Recorded data
◇ ◇ ◇ ◇

(* There is no kernel on $\mathbf{R}$ that is shiftable. That is, there is no function $\varphi:\mathbf{R}\to\mathbf{R}$ which is simultaneously (i) a kernel on the entire real line and (ii) shiftable on $\mathbf{R}$.
   Context: A function $\varphi:\mathbf{R}\to\mathbf{R}$ is called shiftable if there exist finitely many fixed functions $\varphi_1,\ldots,\varphi_N:\mathbf{R}\to\mathbf{R}$ such that for every $\tau\in\mathbf{R}$ there are coefficients $c_1(\tau),\ldots,c_N(\tau)\in\mathbf{R}$ with $\varphi(x-\tau)=c_1(\tau)\varphi_1(x)+\cdots+c_N(\tau)\varphi_N(x)$ for all $x\in\mathbf{R}$. A kernel is a smooth function $\varphi:\mathbf{R}\to\mathbf{R}$ that is symmetric ($\varphi(-x)=\varphi(x)$ for all $x$), non-negative ($\varphi(x)\ge 0$ for all $x$), and unimodal with peak at the origin, meaning $\varphi$ is strictly increasing on $(-\infty,0]$ and strictly decreasing on $[0,\infty)$. *)

theory Defs
  imports "HOL-Analysis.Analysis"
begin

definition smooth_real :: "(real \<Rightarrow> real) \<Rightarrow> bool" where
  "smooth_real f \<longleftrightarrow> (\<forall>n x. (deriv ^^ n) f differentiable (at x))"

definition shiftable :: "(real \<Rightarrow> real) \<Rightarrow> bool" where
  "shiftable \<phi> \<longleftrightarrow>
     (\<exists>(N::nat) (\<phi>s :: nat \<Rightarrow> real \<Rightarrow> real).
        \<forall>\<tau>::real. \<exists>c :: nat \<Rightarrow> real.
          \<forall>x::real. \<phi> (x - \<tau>) = (\<Sum>i<N. c i * \<phi>s i x))"

definition is_kernel :: "(real \<Rightarrow> real) \<Rightarrow> bool" where
  "is_kernel \<phi> \<longleftrightarrow> smooth_real \<phi>
     \<and> (\<forall>x. \<phi> (-x) = \<phi> x)
     \<and> (\<forall>x. \<phi> x \<ge> 0)
     \<and> strict_mono_on {..0} \<phi>
     \<and> strict_antimono_on {0..} \<phi>"

end

theory Submission
  imports Defs "HOL-Library.Function_Algebras"
begin

text \<open>
  If \<open>\<phi>\<close> were shiftable with \<open>N\<close> functions, the \<open>N + 1\<close> translates \<open>\<phi> (x - k T)\<close>
  would satisfy a nontrivial linear relation \<open>\<Sum>\<^sub>k l\<^sub>k \<phi> (x - k T) = 0\<close>. Let \<open>L\<close> be the
  infimum of \<open>\<phi>\<close> and \<open>a = \<phi> 0 - L > 0\<close>. For \<open>T\<close> large, \<open>\<phi>\<close> is within \<open>e\<close> of \<open>L\<close>
  outside \<open>(-T, T)\<close>, so evaluating the relation at the points \<open>j T\<close> gives a linear system
  whose matrix is \<open>L\<close> times the all-ones matrix plus \<open>a\<close> times the identity, up to entries
  of size \<open>e\<close>; evaluating it at \<open>-T\<close>, far from all centres, shows that the rank-one part
  contributes at most \<open>e \<Sum>\<^sub>k \<bar>l\<^sub>k\<bar>\<close>. Hence \<open>a \<bar>l\<^sub>j\<bar> \<le> 2 e \<Sum>\<^sub>k \<bar>l\<^sub>k\<bar>\<close> for every \<open>j\<close>,
  which forces \<open>l = 0\<close> once \<open>2 (N + 1) e < a\<close>.
\<close>

interpretation fun_space: vector_space "\<lambda>(r::real) (f::'a \<Rightarrow> real) x. r * f x"
  by unfold_locales (auto simp: fun_eq_iff algebra_simps)

lemma sum_fun_apply: "(\<Sum>i\<in>A. f i) x = (\<Sum>i\<in>A. f i x :: 'b::comm_monoid_add)"
  by (induction A rule: infinite_finite_induct) auto

lemma dependent_image_nontrivial_relation:
  fixes f :: "nat \<Rightarrow> 'a \<Rightarrow> real"
  assumes "fun_space.dependent (f ` {..<n})" and "inj_on f {..<n}"
  shows "\<exists>l. (\<exists>k<n. l k \<noteq> 0) \<and> (\<forall>x. (\<Sum>k<n. l k * f k x) = 0)"
proof -
  obtain t u where t: "finite t" "t \<subseteq> f ` {..<n}"
    and relation: "(\<Sum>v\<in>t. (\<lambda>x. u v * v x)) = 0" and nontrivial: "\<exists>v\<in>t. u v \<noteq> 0"
    using assms(1) unfolding fun_space.dependent_explicit by blast
  define l where "l k = (if f k \<in> t then u (f k) else 0)" for k
  define K where "K = {k \<in> {..<n}. f k \<in> t}"
  have "inj_on f K" "f ` K = t"
    using assms(2) t unfolding K_def by (auto intro: inj_on_subset)
  have "(\<Sum>k<n. l k * f k x) = 0" for x
  proof -
    have "(\<Sum>k<n. l k * f k x) = (\<Sum>k\<in>K. u (f k) * f k x)"
      unfolding K_def sum.inter_filter[OF finite_lessThan] by (rule sum.cong) (simp_all add: l_def)
    also have "\<dots> = (\<Sum>v\<in>t. u v * v x)"
      using sum.reindex[OF \<open>inj_on f K\<close>, of "\<lambda>v. u v * v x"] \<open>f ` K = t\<close> by simp
    also have "\<dots> = 0"
      using fun_cong[OF relation, of x] by (simp add: sum_fun_apply)
    finally show ?thesis .
  qed
  moreover obtain v where "v \<in> t" "u v \<noteq> 0"
    using nontrivial by blast
  then obtain k where "k < n" "l k \<noteq> 0"
    using t unfolding l_def by auto
  ultimately show ?thesis
    by blast
qed

lemma finite_span_functions_dependent:
  fixes f :: "nat \<Rightarrow> 'a \<Rightarrow> real" and b :: "nat \<Rightarrow> 'a \<Rightarrow> real"
  assumes span: "\<And>k. k < n \<Longrightarrow> \<exists>c. \<forall>x. f k x = (\<Sum>i<N. c i * b i x)" and "N < n"
  shows "\<exists>l. (\<exists>k<n. l k \<noteq> 0) \<and> (\<forall>x. (\<Sum>k<n. l k * f k x) = 0)"
proof (cases "inj_on f {..<n}")
  case True
  have "f k \<in> fun_space.span (b ` {..<N})" if "k < n" for k
  proof -
    from span[OF \<open>k < n\<close>] obtain c where "\<And>x. f k x = (\<Sum>i<N. c i * b i x)"
      by blast
    then have "f k = (\<Sum>i<N. (\<lambda>x. c i * b i x))"
      by (simp add: fun_eq_iff sum_fun_apply)
    also have "\<dots> \<in> fun_space.span (b ` {..<N})"
      by (intro fun_space.span_sum fun_space.span_scale fun_space.span_base) auto
    finally show ?thesis .
  qed
  then have "f ` {..<n} \<subseteq> fun_space.span (b ` {..<N})"
    by auto
  then have "card (f ` {..<n}) \<le> card (b ` {..<N})"
    if "fun_space.independent (f ` {..<n})"
    using fun_space.independent_span_bound[OF finite_imageI[OF finite_lessThan] that] by simp
  moreover have "card (b ` {..<N}) < card (f ` {..<n})"
    using card_image_le[of "{..<N}" b] card_image[OF True] \<open>N < n\<close> by simp
  ultimately show ?thesis
    using dependent_image_nontrivial_relation[OF _ True] by fastforce
next
  case False
  then obtain j k where jk: "j < n" "k < n" "j \<noteq> k" "f j = f k"
    unfolding inj_on_def by blast
  define l :: "nat \<Rightarrow> real" where "l i = of_bool (i = j) - of_bool (i = k)" for i
  have "(\<Sum>i<n. l i * f i x) = 0" for x
  proof -
    have "(\<Sum>i<n. l i * f i x) = (\<Sum>i<n. (if i = j then f i x else 0) - (if i = k then f i x else 0))"
      by (rule sum.cong) (auto simp: l_def)
    also have "\<dots> = f j x - f k x"
      using jk by (simp add: sum_subtractf)
    finally show ?thesis
      using jk by simp
  qed
  moreover have "l j \<noteq> 0"
    using jk by (simp add: l_def)
  ultimately show ?thesis
    using jk by blast
qed

lemma abs_sum_le_of_perturbed_relation:
  fixes l q c :: "'a \<Rightarrow> real"
  assumes relation: "(\<Sum>k\<in>A. l k * q k) = 0"
    and close: "\<And>k. k \<in> A \<Longrightarrow> \<bar>q k - c k\<bar> \<le> e"
  shows "\<bar>\<Sum>k\<in>A. l k * c k\<bar> \<le> e * (\<Sum>k\<in>A. \<bar>l k\<bar>)"
proof -
  have "(\<Sum>k\<in>A. l k * c k) = (\<Sum>k\<in>A. l k * q k) - (\<Sum>k\<in>A. l k * (q k - c k))"
    unfolding sum_subtractf[symmetric] by (rule sum.cong) (simp_all add: algebra_simps)
  then have "\<bar>\<Sum>k\<in>A. l k * c k\<bar> = \<bar>\<Sum>k\<in>A. l k * (q k - c k)\<bar>"
    by (simp add: relation)
  also have "\<dots> \<le> (\<Sum>k\<in>A. \<bar>l k\<bar> * \<bar>q k - c k\<bar>)"
    unfolding abs_mult[symmetric] by (rule sum_abs)
  also have "\<dots> \<le> (\<Sum>k\<in>A. \<bar>l k\<bar> * e)"
    by (intro sum_mono mult_left_mono close) auto
  also have "\<dots> = e * (\<Sum>k\<in>A. \<bar>l k\<bar>)"
    by (simp add: sum_distrib_left mult.commute)
  finally show ?thesis .
qed
lemma near_diagonal_relation_trivial:
  fixes l r :: "nat \<Rightarrow> real" and p :: "nat \<Rightarrow> nat \<Rightarrow> real"
  assumes rows: "\<And>j. j < n \<Longrightarrow> (\<Sum>k<n. l k * p j k) = 0"
    and rows_close: "\<And>j k. j < n \<Longrightarrow> k < n \<Longrightarrow> \<bar>p j k - (L + (if k = j then a else 0))\<bar> \<le> e"
    and far_row: "(\<Sum>k<n. l k * r k) = 0"
    and far_row_close: "\<And>k. k < n \<Longrightarrow> \<bar>r k - L\<bar> \<le> e"
    and small: "2 * real n * e < a"
  shows "\<forall>k<n. l k = 0"
proof -
  define M where "M = (\<Sum>k<n. \<bar>l k\<bar>)"
  have far_bound: "\<bar>L * (\<Sum>k<n. l k)\<bar> \<le> e * M"
    using abs_sum_le_of_perturbed_relation[OF far_row far_row_close]
    by (simp add: M_def sum_distrib_left mult.commute)
  have row_bound: "\<bar>a * l j\<bar> \<le> 2 * e * M" if "j < n" for j
  proof -
    have "(\<Sum>k<n. l k * (L + (if k = j then a else 0)))
        = (\<Sum>k<n. L * l k + (if k = j then a * l k else 0))"
      by (rule sum.cong) (auto simp: algebra_simps)
    also have "\<dots> = L * (\<Sum>k<n. l k) + a * l j"
      using that by (simp add: sum.distrib sum_distrib_left)
    finally have "\<bar>L * (\<Sum>k<n. l k) + a * l j\<bar> \<le> e * M"
      using abs_sum_le_of_perturbed_relation[OF rows[OF that] rows_close[OF that]]
      by (simp add: M_def)
    with far_bound show ?thesis
      by linarith
  qed
  have "a * M \<le> (\<Sum>j<n. \<bar>a * l j\<bar>)"
    by (simp add: M_def abs_mult sum_distrib_left[symmetric] mult_right_mono sum_nonneg)
  also have "\<dots> \<le> (\<Sum>j<n. 2 * e * M)"
    by (intro sum_mono row_bound) simp
  finally have "(a - 2 * real n * e) * M \<le> 0"
    by (simp add: algebra_simps)
  then have "M \<le> 0"
    using small by (simp add: mult_le_0_iff)
  then show ?thesis
    using sum_nonneg_eq_0_iff[of "{..<n}" "\<lambda>k. \<bar>l k\<bar>"] by (simp add: M_def eq_iff sum_nonneg)
qed

lemma even_antimono_tail_below_Inf:
  fixes \<phi> :: "real \<Rightarrow> real"
  assumes even: "\<And>x. \<phi> (-x) = \<phi> x" and decreasing: "antimono_on {0..} \<phi>"
    and bounded: "bdd_below (range \<phi>)" and "e > 0"
  obtains T where "T > 0" "\<And>z. T \<le> \<bar>z\<bar> \<Longrightarrow> \<phi> z < Inf (range \<phi>) + e"
proof -
  have phi_abs: "\<phi> \<bar>x\<bar> = \<phi> x" for x
    by (cases "x \<ge> 0") (simp_all add: even)
  obtain y where y: "\<phi> y < Inf (range \<phi>) + e"
    using cInf_lessD[of "range \<phi>" "Inf (range \<phi>) + e"] \<open>e > 0\<close> by auto
  define T where "T = max \<bar>y\<bar> 1"
  have "\<phi> z < Inf (range \<phi>) + e" if "T \<le> \<bar>z\<bar>" for z
  proof -
    have "\<phi> \<bar>z\<bar> \<le> \<phi> \<bar>y\<bar>"
      using decreasing that by (auto simp: monotone_on_def T_def)
    with y show ?thesis
      by (simp add: phi_abs)
  qed
  moreover have "T > 0"
    by (simp add: T_def)
  ultimately show ?thesis
    using that by blast
qed

lemma separated_translates_independent:
  fixes \<phi> :: "real \<Rightarrow> real" and l :: "nat \<Rightarrow> real"
  assumes relation: "\<And>x. (\<Sum>k<n. l k * \<phi> (x - real k * T)) = 0"
    and below: "\<And>x. L \<le> \<phi> x" and peak: "\<phi> 0 = L + a"
    and tail: "\<And>z. T \<le> \<bar>z\<bar> \<Longrightarrow> \<phi> z \<le> L + e"
    and "T > 0" and small: "2 * real n * e < a"
  shows "\<forall>k<n. l k = 0"
proof -
  have tail_close: "\<bar>\<phi> z - L\<bar> \<le> e" if "T \<le> \<bar>z\<bar>" for z
    using tail[OF that] below[of z] by simp
  show ?thesis
  proof (rule near_diagonal_relation_trivial[where p = "\<lambda>j k. \<phi> (real j * T - real k * T)"
        and r = "\<lambda>k. \<phi> (- T - real k * T)" and L = L and a = a and e = e])
    fix j k assume "j < n" "k < n"
    show "\<bar>\<phi> (real j * T - real k * T) - (L + (if k = j then a else 0))\<bar> \<le> e"
    proof (cases "k = j")
      case True
      have "0 \<le> e"
        using tail_close[of T] \<open>T > 0\<close> by simp
      with True show ?thesis
        by (simp add: peak)
    next
      case False
      then have "T \<le> \<bar>real j - real k\<bar> * T"
        using \<open>T > 0\<close> by (simp add: mult_le_cancel_right1)
      also have "\<dots> = \<bar>real j * T - real k * T\<bar>"
        using \<open>T > 0\<close> by (metis abs_mult abs_of_pos left_diff_distrib)
      finally show ?thesis
        using False tail_close by simp
    qed
  next
    fix k assume "k < n"
    have "0 \<le> real k * T"
      using \<open>T > 0\<close> by simp
    then have "T \<le> \<bar>- T - real k * T\<bar>"
      by linarith
    then show "\<bar>\<phi> (- T - real k * T) - L\<bar> \<le> e"
      by (rule tail_close)
  qed (use relation small in simp_all)
qed

theorem even_strictly_decreasing_not_shiftable:
  fixes \<phi> :: "real \<Rightarrow> real"
  assumes even: "\<And>x. \<phi> (-x) = \<phi> x" and decreasing: "strict_antimono_on {0..} \<phi>"
    and bounded: "bdd_below (range \<phi>)"
  shows "\<not> shiftable \<phi>"
proof
  assume "shiftable \<phi>"
  then obtain N and b :: "nat \<Rightarrow> real \<Rightarrow> real"
    where translates: "\<And>\<tau>. \<exists>c. \<forall>x. \<phi> (x - \<tau>) = (\<Sum>i<N. c i * b i x)"
    unfolding shiftable_def by blast
  define L where "L = Inf (range \<phi>)"
  define a where "a = \<phi> 0 - L"
  define n where "n = Suc N"
  define e where "e = a / (4 * real n)"
  have below: "L \<le> \<phi> x" for x
    unfolding L_def using bounded by (simp add: cInf_lower)
  have "\<phi> 1 < \<phi> 0"
    using decreasing by (auto simp: monotone_on_def)
  with below[of 1] have "a > 0"
    by (simp add: a_def)
  moreover have "real n > 0"
    by (simp add: n_def)
  ultimately have "e > 0" and "2 * real n * e = a / 2"
    by (simp_all add: e_def)
  with \<open>a > 0\<close> have small: "2 * real n * e < a"
    by simp
  have "antimono_on {0..} \<phi>"
    using decreasing by (simp add: strict_antimono_iff_antimono)
  then obtain T where "T > 0" and tail: "\<And>z. T \<le> \<bar>z\<bar> \<Longrightarrow> \<phi> z < L + e"
    using even_antimono_tail_below_Inf[OF even _ bounded \<open>e > 0\<close>] unfolding L_def by blast
  obtain l where nontrivial: "\<exists>k<n. l k \<noteq> 0"
    and relation: "\<And>x. (\<Sum>k<n. l k * \<phi> (x - real k * T)) = 0"
    using finite_span_functions_dependent[where f = "\<lambda>k x. \<phi> (x - real k * T)"
        and n = n and N = N and b = b]
      translates by (auto simp: n_def)
  have "\<forall>k<n. l k = 0"
    using separated_translates_independent[OF relation below _ _ \<open>T > 0\<close> small] tail
    by (simp add: a_def less_imp_le)
  with nontrivial show False
    by blast
qed

theorem mainTheorem1:
  shows "\<not> (\<exists>\<phi> :: real \<Rightarrow> real. is_kernel \<phi> \<and> shiftable \<phi>)"
proof
  assume "\<exists>\<phi> :: real \<Rightarrow> real. is_kernel \<phi> \<and> shiftable \<phi>"
  then obtain \<phi> :: "real \<Rightarrow> real" where "is_kernel \<phi>" and "shiftable \<phi>"
    by blast
  then have even: "\<And>x. \<phi> (-x) = \<phi> x" and decreasing: "strict_antimono_on {0..} \<phi>"
    and nonneg: "\<And>x. 0 \<le> \<phi> x"
    unfolding is_kernel_def by blast+
  from nonneg have "bdd_below (range \<phi>)"
    by (auto intro: bdd_belowI[of _ 0])
  with even decreasing \<open>shiftable \<phi>\<close> show False
    using even_strictly_decreasing_not_shiftable by blast
qed

end
(* For every $0\le\varepsilon\le1$, $$L^*_{\mathrm{avg}}(\varepsilon,X,Y)=\mathbb{E}\big[\langle\lfloor\log\varsigma_Y^{-1}(X)\rfloor\rangle_\varepsilon\big],$$ where $\varsigma_Y$ is a ($\sigma(Y)$-measurable) random permutation of $\mathcal X=\{1,2,\dots\}$ with $P_{X|Y}(\varsigma_Y(1)\mid Y)\ge P_{X|Y}(\varsigma_Y(2)\mid Y)\ge\cdots$ a.s.
   Context: $\mathcal{X}=\{1,2,\dots\}$, $\mathcal{Y}$ an arbitrary measurable space, $X$ an $\mathcal{X}$-valued and $Y$ a $\mathcal{Y}$-valued random variable; logarithms are base 2; $P_{X|Y}(x\mid Y)$ is a version of $\mathbb{P}\{X=x\mid Y\}$. Unconditional $\varepsilon$-cutoff of a real random variable $Z$: $\langle Z\rangle_\varepsilon := Z$ if $Z<\eta$, $:= BZ$ if $Z=\eta$, $:=0$ if $Z>\eta$, where $B$ is Bernoulli with $\mathbb{P}\{B=1\}=1-\beta$ independent of $Z$, and $\eta\in\mathbb{R}$ ($\eta=+\infty$ allowed when needed), $0\le\beta<1$ satisfy $\mathbb{P}\{Z>\eta\}+\beta\mathbb{P}\{Z=\eta\}=\varepsilon$. Codes (one-shot): $\{0,1\}^*$ is the set of finite binary strings including the empty string, $\ell$ the length function. A variable-length stochastic code is a pair of random (possibly randomized) maps $F:\mathcal X\times\mathcal Y\to\{0,1\}^*$, $G:\{0,1\}^*\times\mathcal Y\to\mathcal X$ such that $F(X,Y)$ and $G(F(X,Y),Y)$ are random variables. It is an $(L,\varepsilon)_{\mathrm{avg}}$-code if $\mathbb{E}[\ell(F(X,Y))]\le L$ and $\mathbb{P}\{X\ne G(F(X,Y),Y)\}\le\varepsilon$. $L^*_{\mathrm{avg}}(\varepsilon,X,Y):=\inf\{L>0:\text{an }(L,\varepsilon)_{\mathrm{avg}}\text{-code exists}\}$. *)

theory Defs
  imports "HOL-Probability.Probability"
begin

text \<open>Alphabet X = {1,2,...} is represented by the naturals \<open>\<ge> 1\<close>; binary strings are
  \<open>bool list\<close>.  A stochastic encoder is a kernel \<open>F x y\<close> (a pmf on strings),
  a stochastic decoder is a kernel \<open>G w y\<close> (a pmf on X).\<close>

definition cond_pmf :: "'a measure \<Rightarrow> ('a \<Rightarrow> nat) \<Rightarrow> ('a \<Rightarrow> 'b) \<Rightarrow> 'b measure \<Rightarrow> nat \<Rightarrow> 'a \<Rightarrow> real" where
  "cond_pmf M X Y N x = real_cond_exp M (vimage_algebra (space M) Y N)
      (indicator {\<omega> \<in> space M. X \<omega> = x})"

definition avg_code :: "'a measure \<Rightarrow> ('a \<Rightarrow> nat) \<Rightarrow> ('a \<Rightarrow> 'b) \<Rightarrow> 'b measure \<Rightarrow> ennreal \<Rightarrow> real
    \<Rightarrow> (nat \<Rightarrow> 'b \<Rightarrow> bool list pmf) \<Rightarrow> (bool list \<Rightarrow> 'b \<Rightarrow> nat pmf) \<Rightarrow> bool" where
  "avg_code M X Y N L eps F G \<longleftrightarrow>
     (\<forall>x w. (\<lambda>y. pmf (F x y) w) \<in> borel_measurable N) \<and>
     (\<forall>w x. (\<lambda>y. pmf (G w y) x) \<in> borel_measurable N) \<and>
     (\<forall>w y. set_pmf (G w y) \<subseteq> {1..}) \<and>
     (\<integral>\<^sup>+ \<omega>. (\<integral>\<^sup>+ w. ennreal (real (length w)) \<partial>measure_pmf (F (X \<omega>) (Y \<omega>))) \<partial>M) \<le> L \<and>
     (\<integral>\<^sup>+ \<omega>. ennreal (measure_pmf.prob (bind_pmf (F (X \<omega>) (Y \<omega>)) (\<lambda>w. G w (Y \<omega>)))
                                       (UNIV - {X \<omega>})) \<partial>M) \<le> ennreal eps"

text \<open>L*_avg(eps,X,Y); infimum of the empty set is \<open>\<infinity>\<close>.\<close>
definition L_avg_star :: "'a measure \<Rightarrow> ('a \<Rightarrow> nat) \<Rightarrow> ('a \<Rightarrow> 'b) \<Rightarrow> 'b measure \<Rightarrow> real \<Rightarrow> ennreal" where
  "L_avg_star M X Y N eps =
     Inf {ennreal L | L. L > 0 \<and> (\<exists>F G. avg_code M X Y N (ennreal L) eps F G)}"

text \<open>The eps-cutoff with parameters eta, and coin value b (B = 1 iff b).\<close>
definition cutoff :: "ereal \<Rightarrow> real \<Rightarrow> bool \<Rightarrow> real" where
  "cutoff \<eta> z b = (if ereal z < \<eta> then z else if ereal z = \<eta> then (if b then z else 0) else 0)"

definition cutoff_params :: "'a measure \<Rightarrow> ('a \<Rightarrow> real) \<Rightarrow> real \<Rightarrow> ereal \<Rightarrow> real \<Rightarrow> bool" where
  "cutoff_params M Z eps \<eta> \<beta> \<longleftrightarrow> \<eta> \<noteq> -\<infinity> \<and> 0 \<le> \<beta> \<and> \<beta> < 1 \<and>
     measure M {\<omega> \<in> space M. ereal (Z \<omega>) > \<eta>} + \<beta> * measure M {\<omega> \<in> space M. ereal (Z \<omega>) = \<eta>} = eps"

text \<open>E[<Z>_eps], B Bernoulli with P{B=1} = 1 - beta, independent of Z (product space).\<close>
definition cutoff_exp :: "'a measure \<Rightarrow> ('a \<Rightarrow> real) \<Rightarrow> ereal \<Rightarrow> real \<Rightarrow> ennreal" where
  "cutoff_exp M Z \<eta> \<beta> =
     (\<integral>\<^sup>+ p. ennreal (cutoff \<eta> (Z (fst p)) (snd p)) \<partial>(M \<Otimes>\<^sub>M measure_pmf (bernoulli_pmf (1 - \<beta>))))"

end

theory Submission
  imports Defs
begin

text \<open>Order the values of X by decreasing conditional probability given Y and write R for
  the rank of X in this order, so that the statement is about Z = \<lfloor>log R\<rfloor>.
  Converse: there are only 2^(k+1) - 1 strings of length at most k, so given Y the
  probability of decoding X correctly from a codeword of length at most k is at most the
  conditional probability of the 2^(k+1) - 1 most likely values, i.e. that of Z \<le> k.
  Hence a code with error at most eps has P{length > k} \<ge> P{Z > k} - eps for every k, and
  summing over k bounds its expected length below by \<Sum>k (P{Z > k} - eps)^+, which is
  exactly E[<Z>_eps].
  Achievability: describe R by its binary expansion with the leading 1 dropped (length Z),
  and send the empty string on the cutoff event.\<close>

section \<open>Binary code for positive integers\<close>

text \<open>The binary expansion of n, least significant bit first, with the leading 1 dropped:
  every string is a codeword and the codeword of n has length \<lfloor>log n\<rfloor>.\<close>
fun bin_enc :: "nat \<Rightarrow> bool list" where
  "bin_enc n = (if n \<le> 1 then [] else odd n # bin_enc (n div 2))"

fun bin_dec :: "bool list \<Rightarrow> nat" where
  "bin_dec [] = 1"
| "bin_dec (b # w) = 2 * bin_dec w + (if b then 1 else 0)"

declare bin_enc.simps[simp del]

lemma bin_enc_le_1: "n \<le> 1 \<Longrightarrow> bin_enc n = []"
  by (subst bin_enc.simps) simp

lemma bin_enc_gt_1: "n > 1 \<Longrightarrow> bin_enc n = odd n # bin_enc (n div 2)"
  by (subst bin_enc.simps) simp

lemma bin_dec_bin_enc: "n \<ge> 1 \<Longrightarrow> bin_dec (bin_enc n) = n"
proof (induction n rule: less_induct)
  case (less n)
  show ?case
  proof (cases "n \<le> 1")
    case True
    with less show ?thesis by (simp add: bin_enc_le_1)
  next
    case False
    with less have "bin_dec (bin_enc (n div 2)) = n div 2" by simp
    with False show ?thesis by (simp add: bin_enc_gt_1)
  qed
qed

◇ ◇ ◇ ◇

What to produce:
Check each line of the data for the word "mathcal", then state only how many lines hold it.

Task solution:
2